GTK application for creating diagrams interactively

Having a tight feedback loop between coding and seeing the reflected changes in a diagram is important. Right now some of the backends have a "looped" compilation mode, but it's somewhat clunky and still a lot slower than it could be, probably due to overheads of compilation, linking, etc.

The idea would be to develop a GTK application allowing the user to edit diagrams code (either with an in-application editing pane or in their own editor, perhaps using fsnotify to watch for changes) and see the updated diagram immediately. Additional potential features include:

  • the ability to "zoom in" on a selected subcomponent to display, instead of always displaying everything in the entire file
  • using sliders, input boxes, etc. to interactively display parameterized diagrams, perhaps in a type-directed way (see craftwerk-gtk for inspiration)
  • Interactive editing of diagrams, e.g. dragging a displayed component and having an appropriate translation call automatically added to the code, or some other sort of support for interactively generating points, vectors, scaling factors, etc. using mouse input
  • Support for developing animations (e.g. with a slider for moving back+forth in time)

Path operations

Intersection, union, etc?

See also Diagrams/Dev/Paths.

Optimized Diagrams

Tools for backends to remove redundant data?

Constraint Based Diagrams

Generate diagrams that meet some declarative constraint specification. Something along the lines of http://wadler.blogspot.com/2011/06/combinator-library-for-design-of.html

3D Backends

Lots of fun things to do here!

Make Plotting As Easy As Doing It in R

From diagram-discuss:

The above code produces four plots: a scatterplot (something you would often see in statistics), a plot of a function and, well, two empty grids. As a statistician, I usually work a lot with R together with a more or less sophisticated plotting package. The currently best plotting system for R is probably ggplot . Now, I started using Bryan O'Sullivan's statistics package for some of my calculations. Once in Haskell mode, you obviously don't want to switch back and forth between languages. So, I was wondering if it is possible to produce professional looking plots with diagrams' DSL, and how difficult it could be to put together a DSL for (statistical) plotting.

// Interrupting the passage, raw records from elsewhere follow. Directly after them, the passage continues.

text \<open>The Lyapunov function \<open>e + \<kappa> \<lambda>\<^sub>k W\<close> with \<open>\<kappa> = c / (2 B)\<close> decreases at the rate
  \<open>c \<gamma>\<^sub>k \<lambda>\<^sub>k / 2\<close> because \<open>\<gamma>\<^sub>k = o(\<lambda>\<^sub>k)\<close>.\<close>
lemma lyapunov_decay:
  fixes e W :: "nat \<Rightarrow> real" and c \<rho> B :: real
  assumes c: "0 < c" and \<rho>: "0 < \<rho>" "\<rho> \<le> 1" and B: "0 < B" and W: "\<And>k. 0 \<le> W k"
    and ev: "eventually (\<lambda>k.
        e (Suc k) \<le> (1 - c * stepsize k * regpar k) * e k + B * stepsize k * W k + B / (real k + \<Gamma>)
      \<and> W (Suc k) \<le> (1 - \<rho>) * W k + B * stepsize k * e k + B / (real k + \<Gamma>)) sequentially"
  shows "\<exists>K. \<forall>k. e k \<le> K * decay k"
proof -
  define \<kappa> where "\<kappa> = c / (2 * B)"
  have \<kappa>: "0 < \<kappa>" "\<kappa> * B = c / 2" using c B by (auto simp: \<kappa>_def)
  define V where "V k = e k + \<kappa> * regpar k * W k" for k
  define \<rho>\<^sub>1 where "\<rho>\<^sub>1 k = c / 2 * stepsize k * regpar k" for k
  define C where "C = 2 * (1 + \<kappa> * lam) * B / (c * \<gamma>h * lam)"
  have "eventually (\<lambda>k. stepsize k \<le> \<kappa> * \<rho> / (2 * B) * regpar k) sequentially"
    using \<kappa> \<rho> B by (intro eventually_stepsize_le_regpar) simp
  moreover have "eventually (\<lambda>k. stepsize k \<le> \<rho> / (c * lam)) sequentially"
    using \<rho> c params by (intro eventually_stepsize_le) simp
  moreover have "eventually (\<lambda>k. 2 / (real k + \<Gamma> + 1) \<le> c / 2 * stepsize k * regpar k) sequentially"
    using c by (intro eventually_inverse_le_stepsize_regpar) simp
  ultimately have "eventually (\<lambda>k. 0 \<le> \<rho>\<^sub>1 k \<and> \<rho>\<^sub>1 k \<le> 1 \<and> (1 - \<rho>\<^sub>1 k / 2) * decay k \<le> decay (Suc k)
      \<and> V (Suc k) \<le> (1 - \<rho>\<^sub>1 k) * V k + C * \<rho>\<^sub>1 k * decay k) sequentially"
    using ev
  proof eventually_elim
    case (elim k)
    define g l t where "g = stepsize k" and "l = regpar k" and "t = real k + \<Gamma>"
    have gl: "0 < g" "0 < l" "l \<le> lam" "0 < t"
      using stepsize_pos regpar_pos regpar_le base_ge_1[of k] unfolding g_def l_def t_def
      by (auto simp: less_le_trans[OF zero_less_one])
    have \<rho>\<^sub>1: "0 \<le> \<rho>\<^sub>1 k" "\<rho>\<^sub>1 k \<le> \<rho> / 2"
    proof -
      show "0 \<le> \<rho>\<^sub>1 k" using c gl unfolding \<rho>\<^sub>1_def g_def l_def by simp
      have "g * l \<le> \<rho> / (c * lam) * lam"
        using elim(2) gl \<rho> c params unfolding g_def by (intro mult_mono) auto
      then show "\<rho>\<^sub>1 k \<le> \<rho> / 2"
        using c params unfolding \<rho>\<^sub>1_def g_def[symmetric] l_def[symmetric] by (simp add: field_simps)
    qed
    have "B * g \<le> B * (\<kappa> * \<rho> / (2 * B) * l)"
      using elim(1) B unfolding g_def l_def by (intro mult_left_mono) auto
    also have "\<dots> = \<kappa> * l * (\<rho> / 2)" using B by simp
    finally have "B * g \<le> \<kappa> * l * (\<rho> / 2)" .
    moreover have "\<kappa> * l * (1 - \<rho> / 2) \<le> \<kappa> * l * (1 - \<rho>\<^sub>1 k)"
      using \<kappa> gl \<rho>\<^sub>1 by (intro mult_left_mono) auto
    moreover have "\<kappa> * l * (\<rho> / 2) + \<kappa> * l * (1 - \<rho>) = \<kappa> * l * (1 - \<rho> / 2)"
      by (simp add: algebra_simps)
    ultimately have "B * g + \<kappa> * l * (1 - \<rho>) \<le> \<kappa> * l * (1 - c / 2 * g * l)"
      unfolding \<rho>\<^sub>1_def g_def l_def by linarith
    then have "V (Suc k) \<le> (1 - \<rho>\<^sub>1 k) * V k + (1 + \<kappa> * l) * (B / t)"
      unfolding V_def \<rho>\<^sub>1_def g_def l_def t_def
      by (rule lyapunov_step[OF W W less_imp_le[OF \<kappa>(1)] less_imp_le[OF regpar_pos] regpar_Suc_le \<kappa>(2) _ elim(4)])
    moreover have "(1 + \<kappa> * l) * (B / t) \<le> (1 + \<kappa> * lam) * B / t"
      using \<kappa> gl B by (simp add: divide_right_mono mult_left_mono)
    moreover have "(1 + \<kappa> * lam) * B / t = (1 + \<kappa> * lam) * B / (\<gamma>h * lam) * (g * l * decay k)"
      using stepsize_regpar_decay[of k] params gl
      unfolding g_def[symmetric] l_def[symmetric] t_def[symmetric] by simp
    moreover have "\<dots> = C * \<rho>\<^sub>1 k * decay k"
      using c params unfolding C_def \<rho>\<^sub>1_def g_def[symmetric] l_def[symmetric]
      by (simp add: field_simps)
    ultimately show ?case
      using \<rho>\<^sub>1 \<rho> decay_Suc_ge'[OF elim(3)[folded \<rho>\<^sub>1_def]] by auto
  qed
  then obtain K where K: "\<And>k. V k \<le> K * decay k"
    using recursion_bounded_by_decay[where s = decay, OF decay_pos] by blast
  have "e k \<le> K * decay k" for k
    using K[of k] \<kappa> regpar_pos[of k] W[of k] unfolding V_def by (smt (verit) mult_nonneg_nonneg)
  then show ?thesis by blast
qed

I was thinking of something similar to ggplot's functionality. Making it easy to overlay plots, producing and combining legends, etc. Creating scatterplots and histograms and boxplots. Overlaying them with error regions and density estimates respectively. Then do the same for different subsets of the original data. Doing this with diagrams DSL could proof to be extremely powerful. Each "dot" in a plot could potentially be any diagram you want, dots, circles, stars, numbers or characters -- and if plots are nothing but diagrams, you could even plot plots into a plot. A real pain for most plotting systems is to combine multiple plots into one and to generate a common legend for all of them. This, for example, should be trivial to do within diagrams DSL.

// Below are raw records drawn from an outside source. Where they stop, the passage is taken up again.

lemma sum_UNIV_eq_pair:
  fixes g :: "'n::finite \<Rightarrow> 'b::comm_monoid_add"
  assumes "i \<noteq> j" "\<And>k. k \<noteq> i \<Longrightarrow> k \<noteq> j \<Longrightarrow> g k = 0"
  shows "sum g UNIV = g i + g j"
  using sum.mono_neutral_right[of UNIV "{i,j}" g] assms by auto

lemma qform_single:
  "qform A (\<chi> k. if k = i then a else 0) = cnj a * A$i$i * a"
  unfolding qform_def by (simp add: sum_UNIV_eq_single[where i=i])

lemma qform_pair:
  fixes A :: "complex^'n^'n"
  assumes "i \<noteq> j"
  shows "qform A (\<chi> k. if k = i then a else if k = j then b else 0) =
     cnj a * A$i$i * a + cnj a * A$i$j * b + cnj b * A$j$i * a + cnj b * A$j$j * b"
  unfolding qform_def using assms
  by (simp add: sum_UNIV_eq_pair[OF assms] algebra_simps)

lemma psd_diag:
  assumes "psd A" shows "Im (A$i$i) = 0" "Re (A$i$i) \<ge> 0"
  using assms qform_single[of A i 1] unfolding psd_iff_qform
  by (auto dest: spec[of _ "\<chi> k. if k = i then 1 else 0"])

lemma psd_hermitian:
  assumes "psd A" shows "A$j$i = cnj (A$i$j)"
proof (cases "i = j")
  case True
  then show ?thesis using psd_diag[OF assms, of i] by (simp add: complex_eq_iff)
next
  case False
  have "Im (qform A (\<chi> k. if k = i then 1 else if k = j then 1 else 0)) = 0"
    "Im (qform A (\<chi> k. if k = i then 1 else if k = j then \<i> else 0)) = 0"
    using assms unfolding psd_iff_qform by blast+
  with psd_diag(1)[OF assms] show ?thesis unfolding qform_pair[OF False]
    by (simp add: complex_eq_iff algebra_simps)
qed

lemma nonneg_quadratic_bound:
  fixes a W d :: real
  assumes nonneg: "\<And>t. a * t^2 - 2*t*W + W*d \<ge> 0" and "W \<ge> 0" "a \<ge> 0" "d \<ge> 0"
  shows "W \<le> a * d"
proof (cases "a = 0")
  case True
  have "a * (d+1)^2 - 2*(d+1)*W + W*d \<ge> 0" by (rule nonneg)
  with True \<open>W \<ge> 0\<close> \<open>d \<ge> 0\<close> show ?thesis
    by (simp add: algebra_simps) (smt (verit) mult_nonneg_nonneg)
next
  case False
  with \<open>a \<ge> 0\<close> have "a > 0" by simp
  have "a * (W/a)^2 - 2*(W/a)*W + W*d \<ge> 0" by (rule nonneg)
  with \<open>a > 0\<close> have "W * W \<le> W * (a*d)"
    by (simp add: power2_eq_square field_simps)
  then show ?thesis using \<open>W \<ge> 0\<close> \<open>a > 0\<close> \<open>d \<ge> 0\<close>
    by (cases "W = 0") (auto simp: mult_le_cancel_left)
qed

lemma psd_offdiag_bound:
  assumes "psd A" shows "(cmod (A$i$j))^2 \<le> Re (A$i$i) * Re (A$j$j)"
proof (cases "i = j")
  case True
  then show ?thesis using psd_diag[OF assms, of i] by (simp add: cmod_eq_Re power2_eq_square)
next
  case False
  define w where "w = A$i$j"
  have "Re (A$i$i) * t^2 - 2*t*(cmod w)^2 + (cmod w)^2 * Re (A$j$j) \<ge> 0" for t
  proof -
    have "Re (qform A (\<chi> k. if k = i then of_real t else if k = j then - cnj w else 0)) \<ge> 0"
      using assms unfolding psd_iff_qform by blast
    moreover have "cmod w ^ 2 = Re w ^ 2 + Im w ^ 2" by (simp add: cmod_power2)
    ultimately show ?thesis
      unfolding qform_pair[OF False] psd_hermitian[OF assms, of j i] w_def[symmetric]
      using psd_diag(1)[OF assms] by (simp add: power2_eq_square algebra_simps)
  qed
  then have "(cmod w)^2 \<le> Re (A$i$i) * Re (A$j$j)"
    by (rule nonneg_quadratic_bound) (use psd_diag[OF assms] in auto)
  then show ?thesis by (simp add: w_def)
qed

lemma psd_rank_one:
  fixes \<phi> :: "'n::finite \<Rightarrow> complex"
  assumes "r \<ge> 0"
  shows "psd (\<chi> p q. of_real r * (\<phi> p * cnj (\<phi> q)))"
  unfolding psd_iff_qform
proof
  fix x :: "complex^'n"
  define s where "s = (\<Sum>i\<in>UNIV. cnj (x$i) * \<phi> i)"
  have "qform (\<chi> p q. of_real r * (\<phi> p * cnj (\<phi> q))) x = of_real r * (s * cnj s)"
    unfolding qform_def s_def
    by (simp add: sum_product sum_distrib_left mult_ac) (subst sum.swap, simp add: mult_ac)
  also have "\<dots> = of_real (r * (cmod s)^2)" using complex_norm_square[of s] by simp
  finally show "Im (qform (\<chi> p q. of_real r * (\<phi> p * cnj (\<phi> q))) x) = 0 \<and>
      Re (qform (\<chi> p q. of_real r * (\<phi> p * cnj (\<phi> q))) x) \<ge> 0"
    using assms by simp
qed

lemma psd_transpose:
  assumes "psd A" shows "psd (transpose A)"
  unfolding psd_iff_qform
proof
  fix x
  have "qform (transpose A) x = qform A (\<chi> i. cnj (x$i))"
    unfolding qform_def transpose_def
    by (subst sum.swap) (simp add: mult_ac)
  then show "Im (qform (transpose A) x) = 0 \<and> Re (qform (transpose A) x) \<ge> 0"
    using assms unfolding psd_iff_qform by simp
qed

section \<open>Transport cost\<close>

lemma UNIV_2x2: "(UNIV :: (2 \<times> 2) set) = {(1,1),(1,2),(2,1),(2,2)}"
  using exhaust_2 by auto

lemma sum_UNIV_2x2: "sum f (UNIV :: (2 \<times> 2) set) = f (1,1) + f (1,2) + f (2,1) + f (2,2)"
  unfolding UNIV_2x2 by (simp add: add.assoc)

lemma trace_2: "trace (A :: op2) = A$1$1 + A$2$2"
  by (simp add: trace_def sum_2)

lemma Cz_entry: "Cz $ p $ q = (if p = q \<and> fst p \<noteq> snd p then 4 else 0)"
  using exhaust_2[of "fst p"] exhaust_2[of "snd p"] exhaust_2[of "fst q"] exhaust_2[of "snd q"]
  by (auto simp: Cz_def kron_def matrix_matrix_mult_def sum_UNIV_2x2 sigma3_def mat_def
      transpose_def prod_eq_iff)

definition transport_cost :: "op4 \<Rightarrow> real" where
  "transport_cost P = Re (trace (P ** Cz))"

definition costs :: "op2 \<Rightarrow> op2 \<Rightarrow> real set" where
  "costs \<rho> \<omega> = transport_cost ` couplings \<rho> \<omega>"

lemma Dz_eq_sqrt_Inf_costs: "Dz \<rho> \<omega> = sqrt (Inf (costs \<rho> \<omega>))"
  unfolding Dz_def costs_def transport_cost_def by (simp add: setcompr_eq_image)

lemma transport_cost_eq: "transport_cost P = 4 * (Re (P$(1,2)$(1,2)) + Re (P$(2,1)$(2,1)))"
proof -
  have "(\<Sum>r\<in>UNIV. P$p$r * Cz$r$p) = P$p$p * (if fst p \<noteq> snd p then 4 else 0)" for p
    by (subst sum_UNIV_eq_single[where i=p]) (auto simp: Cz_entry)
  then show ?thesis
    by (simp add: transport_cost_def trace_def matrix_matrix_mult_def sum_UNIV_2x2)
qed

lemma coupling_marginals:
  assumes "P \<in> couplings \<rho> \<omega>"
  shows "psd P"
    "\<omega>$1$1 = P$(1,1)$(1,1) + P$(1,2)$(1,2)" "\<omega>$2$2 = P$(2,1)$(2,1) + P$(2,2)$(2,2)"
    "\<omega>$1$2 = P$(1,1)$(2,1) + P$(1,2)$(2,2)"
    "\<rho>$1$1 = P$(1,1)$(1,1) + P$(2,1)$(2,1)" "\<rho>$2$2 = P$(1,2)$(1,2) + P$(2,2)$(2,2)"
proof -
  have P: "is_state P" "ptrace2 P = \<omega>" "ptrace1 P = transpose \<rho>"
    using assms by (auto simp: couplings_def)
  then show "psd P" by (simp add: is_state_def)
  have "\<omega>$i$j = (\<Sum>k\<in>UNIV. P $ (i,k) $ (j,k))" for i j
    using P(2) by (auto simp: ptrace2_def)
  then show "\<omega>$1$1 = P$(1,1)$(1,1) + P$(1,2)$(1,2)" "\<omega>$2$2 = P$(2,1)$(2,1) + P$(2,2)$(2,2)"
    "\<omega>$1$2 = P$(1,1)$(2,1) + P$(1,2)$(2,2)" by (simp_all add: sum_2)
  have "\<rho>$l$k = (\<Sum>i\<in>UNIV. P $ (i,k) $ (i,l))" for k l
    using arg_cong[OF P(3), of "\<lambda>M. M$k$l"] by (simp add: ptrace1_def transpose_def)
  then show "\<rho>$1$1 = P$(1,1)$(1,1) + P$(2,1)$(2,1)" "\<rho>$2$2 = P$(1,2)$(1,2) + P$(2,2)$(2,2)"
    by (simp_all add: sum_2)
qed

lemma transport_cost_nonneg: "P \<in> couplings \<rho> \<omega> \<Longrightarrow> transport_cost P \<ge> 0"
  using psd_diag(2)[OF coupling_marginals(1)] by (simp add: transport_cost_eq)

lemma bdd_below_costs: "bdd_below (costs \<rho> \<omega>)"
  unfolding costs_def by (rule bdd_belowI2[of _ 0]) (rule transport_cost_nonneg)

section \<open>Qubit states\<close>

definition qubit :: "real \<Rightarrow> complex \<Rightarrow> op2" where
  "qubit c w = (\<chi> i j. if i = 1 then (if j = 1 then of_real c else w)
                       else (if j = 1 then cnj w else of_real (1 - c)))"

lemma qubit_entries [simp]:
  "qubit c w $ 1 $ 1 = of_real c" "qubit c w $ 1 $ 2 = w"
  "qubit c w $ 2 $ 1 = cnj w" "qubit c w $ 2 $ 2 = of_real (1 - c)"
  by (simp_all add: qubit_def)

lemma state_eq_qubit:
  assumes "is_state \<rho>" shows "\<rho> = qubit (Re (\<rho>$1$1)) (\<rho>$1$2)"
proof -
  have psd: "psd \<rho>" and "\<rho>$1$1 + \<rho>$2$2 = 1"
    using assms by (auto simp: is_state_def trace_2)
  moreover have "Im (\<rho>$1$1) = 0" "Im (\<rho>$2$2) = 0" "\<rho>$2$1 = cnj (\<rho>$1$2)"
    using psd_diag(1)[OF psd] psd_hermitian[OF psd, of 2 1] by auto
  ultimately show ?thesis
    unfolding vec_eq_iff forall_2 by (auto simp: complex_eq_iff)
qed

lemma state_Re_22:
  fixes \<rho> :: op2
  assumes "is_state \<rho>" shows "Re (\<rho>$2$2) = 1 - Re (\<rho>$1$1)"
  by (subst state_eq_qubit[OF assms]) simp

lemma state_bounds:
  fixes \<rho> :: op2
  assumes "is_state \<rho>"
  shows "0 \<le> Re (\<rho>$1$1)" "Re (\<rho>$1$1) \<le> 1"
    "(cmod (\<rho>$1$2))^2 \<le> Re (\<rho>$1$1) * (1 - Re (\<rho>$1$1))"
proof -
  have "psd \<rho>" using assms by (simp add: is_state_def)
  moreover have "Re (\<rho>$2$2) = 1 - Re (\<rho>$1$1)" by (rule state_Re_22[OF assms])
  ultimately show "0 \<le> Re (\<rho>$1$1)" "Re (\<rho>$1$1) \<le> 1"
    "(cmod (\<rho>$1$2))^2 \<le> Re (\<rho>$1$1) * (1 - Re (\<rho>$1$1))"
    using psd_diag(2)[of \<rho> 1] psd_diag(2)[of \<rho> 2] psd_offdiag_bound[of \<rho> 1 2] by auto
qed

lemma bloch_qubit:
  "bloch (qubit c w) $ 3 = 2*c - 1"
  "(norm (bloch (qubit c w)))^2 = 4 * (cmod w)^2 + (2*c - 1)^2"
proof -
  have "(norm (x :: real^3))^2 = (x$1)^2 + (x$2)^2 + (x$3)^2" for x
    by (simp add: norm_vec_def L2_set_def sum_3)
  moreover have "cmod w * cmod w = Re w * Re w + Im w * Im w"
    using cmod_power2[of w] by (simp add: power2_eq_square)
  ultimately show "bloch (qubit c w) $ 3 = 2*c - 1"
    "(norm (bloch (qubit c w)))^2 = 4 * (cmod w)^2 + (2*c - 1)^2"
    by (simp_all add: bloch_def trace_2 sigma1_def sigma2_def sigma3_def matrix_matrix_mult_def
        sum_2 cmod_power2 power2_eq_square algebra_simps)
qed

I would be more than happy to help in such a project. As the code above probably suggests, I am not the strongest Haskell hacker around. In fact, I am a statistician/mathematician who happens to use Haskell for some of his projects. That's it. Would anyone be interested in picking up such a project? As I said, I would be happy to help and get involved. Because I think there is a real need for something like this, and it would be very powerful to have eDSL for statistical plotting within Haskell.